Stop after the line with "deriv (\<lambda>s. f"; until then, please copy every line of the records word for word from the first.

__SOURCE MATERIAL__.
--------------------------------
(* There are no proper triharmonic curves with constant curvature immersed in the product space $\mathbb{H}^2(4a)\times\mathbb{R}$ ($a<0$).
   Context: $\mathbb{H}^2(4a)\times\mathbb{R}$ is the Riemannian product of the hyperbolic plane of constant curvature $4a<0$ with the real line; equivalently the BCV space $M(a,0)$, i.e. $\{(x,y,z):1+a(x^2+y^2)>0\}$ with metric $\frac{dx^2+dy^2}{[1+a(x^2+y^2)]^2}+dz^2$. An arc-length parametrized curve $\gamma$ with $T=\gamma'$ is triharmonic if $\nabla_T^5T+R(\nabla_T^3T,T)T-R(\nabla_T^2T,\nabla_TT)T=0$, where $\nabla$ is the Levi-Civita connection and $R(X,Y)=\nabla_X\nabla_Y-\nabla_Y\nabla_X-\nabla_{[X,Y]}$; it is proper if it is not a geodesic. The curvature is $\kappa=\lVert\nabla_TT\rVert$. *)

theory Defs
  imports "HOL-Analysis.Analysis"
begin

text \<open>Riemannian geometry in a global coordinate chart of an open subset of R^n.
  A metric is given by its coefficient matrix G p (entries g_ij(p)).\<close>

definition pdiff :: "(real^'n \<Rightarrow> real) \<Rightarrow> real^'n \<Rightarrow> 'n \<Rightarrow> real" where
  "pdiff f p i = deriv (\<lambda>s. f (p + s *\<^sub>R axis i 1)) 0"

definition christoffel :: "(real^'n \<Rightarrow> real^'n^'n) \<Rightarrow> real^'n \<Rightarrow> 'n \<Rightarrow> 'n \<Rightarrow> 'n \<Rightarrow> real" where
  "christoffel G p k i j = (1/2) * (\<Sum>l\<in>UNIV. matrix_inv (G p) $ k $ l *
      (pdiff (\<lambda>q. G q $ j $ l) p i + pdiff (\<lambda>q. G q $ i $ l) p j - pdiff (\<lambda>q. G q $ i $ j) p l))"

text \<open>Components R^l_ijk with R(d_i,d_j)d_k = R^l_ijk d_l, for the convention
  R(X,Y) = nabla_X nabla_Y - nabla_Y nabla_X - nabla_[X,Y].\<close>
definition curv_coeff :: "(real^'n \<Rightarrow> real^'n^'n) \<Rightarrow> real^'n \<Rightarrow> 'n \<Rightarrow> 'n \<Rightarrow> 'n \<Rightarrow> 'n \<Rightarrow> real" where
  "curv_coeff G p l i j k =
     pdiff (\<lambda>q. christoffel G q l j k) p i - pdiff (\<lambda>q. christoffel G q l i k) p j
     + (\<Sum>m\<in>UNIV. christoffel G p l i m * christoffel G p m j k
                  - christoffel G p l j m * christoffel G p m i k)"

definition riem :: "(real^'n \<Rightarrow> real^'n^'n) \<Rightarrow> real^'n \<Rightarrow> real^'n \<Rightarrow> real^'n \<Rightarrow> real^'n \<Rightarrow> real^'n" where
  "riem G p X Y Z = (\<chi> l. \<Sum>i\<in>UNIV. \<Sum>j\<in>UNIV. \<Sum>k\<in>UNIV.
       X $ i * Y $ j * Z $ k * curv_coeff G p l i j k)"

definition ginner :: "(real^'n \<Rightarrow> real^'n^'n) \<Rightarrow> real^'n \<Rightarrow> real^'n \<Rightarrow> real^'n \<Rightarrow> real" where
  "ginner G p u v = (\<Sum>i\<in>UNIV. \<Sum>j\<in>UNIV. G p $ i $ j * u $ i * v $ j)"

definition gnorm :: "(real^'n \<Rightarrow> real^'n^'n) \<Rightarrow> real^'n \<Rightarrow> real^'n \<Rightarrow> real" where
  "gnorm G p u = sqrt (ginner G p u u)"

definition vel :: "(real \<Rightarrow> real^'n) \<Rightarrow> real \<Rightarrow> real^'n" where
  "vel \<gamma> t = (\<chi> k. deriv (\<lambda>s. \<gamma> s $ k) t)"

definition covd :: "(real^'n \<Rightarrow> real^'n^'n) \<Rightarrow> (real \<Rightarrow> real^'n) \<Rightarrow> (real \<Rightarrow> real^'n) \<Rightarrow> real \<Rightarrow> real^'n" where
  "covd G \<gamma> V t = (\<chi> k. deriv (\<lambda>s. V s $ k) t
       + (\<Sum>i\<in>UNIV. \<Sum>j\<in>UNIV. christoffel G (\<gamma> t) k i j * vel \<gamma> t $ i * V t $ j))"

definition covd_pow :: "(real^'n \<Rightarrow> real^'n^'n) \<Rightarrow> (real \<Rightarrow> real^'n) \<Rightarrow> nat \<Rightarrow> real \<Rightarrow> real^'n" where
  "covd_pow G \<gamma> n = (covd G \<gamma> ^^ n) (vel \<gamma>)"

definition smooth_curve_on :: "(real \<Rightarrow> real^'n) \<Rightarrow> real set \<Rightarrow> bool" where
  "smooth_curve_on \<gamma> I \<longleftrightarrow> (\<forall>k n. \<forall>t\<in>I. ((deriv ^^ n) (\<lambda>s. \<gamma> s $ k)) differentiable (at t))"

definition arclength_param :: "(real^'n \<Rightarrow> real^'n^'n) \<Rightarrow> (real \<Rightarrow> real^'n) \<Rightarrow> real set \<Rightarrow> bool" where
  "arclength_param G \<gamma> I \<longleftrightarrow> (\<forall>t\<in>I. gnorm G (\<gamma> t) (vel \<gamma> t) = 1)"

definition triharmonic :: "(real^'n \<Rightarrow> real^'n^'n) \<Rightarrow> (real \<Rightarrow> real^'n) \<Rightarrow> real set \<Rightarrow> bool" where
  "triharmonic G \<gamma> I \<longleftrightarrow> (\<forall>t\<in>I.
      covd_pow G \<gamma> 5 t + riem G (\<gamma> t) (covd_pow G \<gamma> 3 t) (vel \<gamma> t) (vel \<gamma> t)
      - riem G (\<gamma> t) (covd_pow G \<gamma> 2 t) (covd_pow G \<gamma> 1 t) (vel \<gamma> t) = 0)"

definition curvature :: "(real^'n \<Rightarrow> real^'n^'n) \<Rightarrow> (real \<Rightarrow> real^'n) \<Rightarrow> real \<Rightarrow> real" where
  "curvature G \<gamma> t = gnorm G (\<gamma> t) (covd_pow G \<gamma> 1 t)"

definition geodesic_on :: "(real^'n \<Rightarrow> real^'n^'n) \<Rightarrow> (real \<Rightarrow> real^'n) \<Rightarrow> real set \<Rightarrow> bool" where
  "geodesic_on G \<gamma> I \<longleftrightarrow> (\<forall>t\<in>I. covd_pow G \<gamma> 1 t = 0)"

text \<open>The BCV space M(a,0) = H^2(4a) x R (for a < 0): domain and metric
  (dx^2+dy^2)/[1+a(x^2+y^2)]^2 + dz^2, with coordinates x = p$1, y = p$2, z = p$3.\<close>
definition bcv_domain :: "real \<Rightarrow> (real^3) set" where
  "bcv_domain a = {p. 1 + a * ((p $ 1)\<^sup>2 + (p $ 2)\<^sup>2) > 0}"
lemma Amap_in_Dsq:
  assumes "y \<in> Dsq" "0 \<le> d" "d \<le> 1" "0 \<le> \<kappa>" "\<kappa> \<le> real N"
  shows "Amap \<kappa> d N y \<in> Dsq"
proof -
  define t where "t = \<kappa> / real N"
  have t: "0 \<le> t" "t \<le> 1" using assms by (auto simp: t_def divide_le_eq_1)
  have td: "0 \<le> t * d" "t * d \<le> 1" using t assms by (auto simp: mult_le_one)
  obtain a b where y: "y = (a, b)" "0 \<le> a" "a \<le> 1" "0 \<le> b" "b \<le> 1"
    using assms(1) unfolding Dsq_def by auto
  have "(1 - t * d) * a + t * d * b \<le> 1"
    using convex_bound_le[of a 1 b "1 - t * d" "t * d"] td y by simp
  moreover have "t * a + (1 - t) * b \<le> 1"
    using convex_bound_le[of a 1 b t "1 - t"] t y by simp
  ultimately show ?thesis
    using t td y unfolding Amap_eq t_def[symmetric] Dsq_def by simp
qed

lemma gen_quot_add_scaled:
  "gen_quot \<kappa> d (\<lambda>y. f y + c * g y) N x = gen_quot \<kappa> d f N x + c * gen_quot \<kappa> d g N x"
  unfolding gen_quot_def o_def by (simp add: Bern_add_scaled algebra_simps)

lemma gen_quot_nonneg_at_min:
  assumes "0 \<le> d" "d \<le> 1" "0 \<le> \<kappa>" "\<kappa> \<le> real N"
    and "x0 \<in> Dsq" and min: "\<And>y. y \<in> Dsq \<Longrightarrow> f x0 \<le> f y"
  shows "gen_quot \<kappa> d f N x0 \<ge> 0"
proof -
  let ?K = "nat (round (d * real N))"
  have "f x0 \<le> (f \<circ> Amap \<kappa> d N) (real j1 / real N, real j2 / real ?K)"
    if "j1 \<le> N" "j2 \<le> ?K" for j1 j2
  proof -
    have "(real j1 / real N, real j2 / real ?K) \<in> Dsq"
      using that unfolding Dsq_def by (auto simp: divide_le_eq_1)
    then show ?thesis using Amap_in_Dsq[OF _ assms(1-4)] min by simp
  qed
  then have "f x0 \<le> Bern N ?K (f \<circ> Amap \<kappa> d N) x0"
    using assms(5) by (rule Bern_ge_const[rotated])
  then show ?thesis unfolding gen_quot_def by simp
qed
--------------------------------
__RESPONSE BOX__.
(* There are no proper triharmonic curves with constant curvature immersed in the product space $\mathbb{H}^2(4a)\times\mathbb{R}$ ($a<0$).
   Context: $\mathbb{H}^2(4a)\times\mathbb{R}$ is the Riemannian product of the hyperbolic plane of constant curvature $4a<0$ with the real line; equivalently the BCV space $M(a,0)$, i.e. $\{(x,y,z):1+a(x^2+y^2)>0\}$ with metric $\frac{dx^2+dy^2}{[1+a(x^2+y^2)]^2}+dz^2$. An arc-length parametrized curve $\gamma$ with $T=\gamma'$ is triharmonic if $\nabla_T^5T+R(\nabla_T^3T,T)T-R(\nabla_T^2T,\nabla_TT)T=0$, where $\nabla$ is the Levi-Civita connection and $R(X,Y)=\nabla_X\nabla_Y-\nabla_Y\nabla_X-\nabla_{[X,Y]}$; it is proper if it is not a geodesic. The curvature is $\kappa=\lVert\nabla_TT\rVert$. *)

theory Defs
  imports "HOL-Analysis.Analysis"
begin

text \<open>Riemannian geometry in a global coordinate chart of an open subset of R^n.
  A metric is given by its coefficient matrix G p (entries g_ij(p)).\<close>

definition pdiff :: "(real^'n \<Rightarrow> real) \<Rightarrow> real^'n \<Rightarrow> 'n \<Rightarrow> real" where
  "pdiff f p i = deriv (\<lambda>s. f (p + s *\<^sub>R axis i 1)) 0"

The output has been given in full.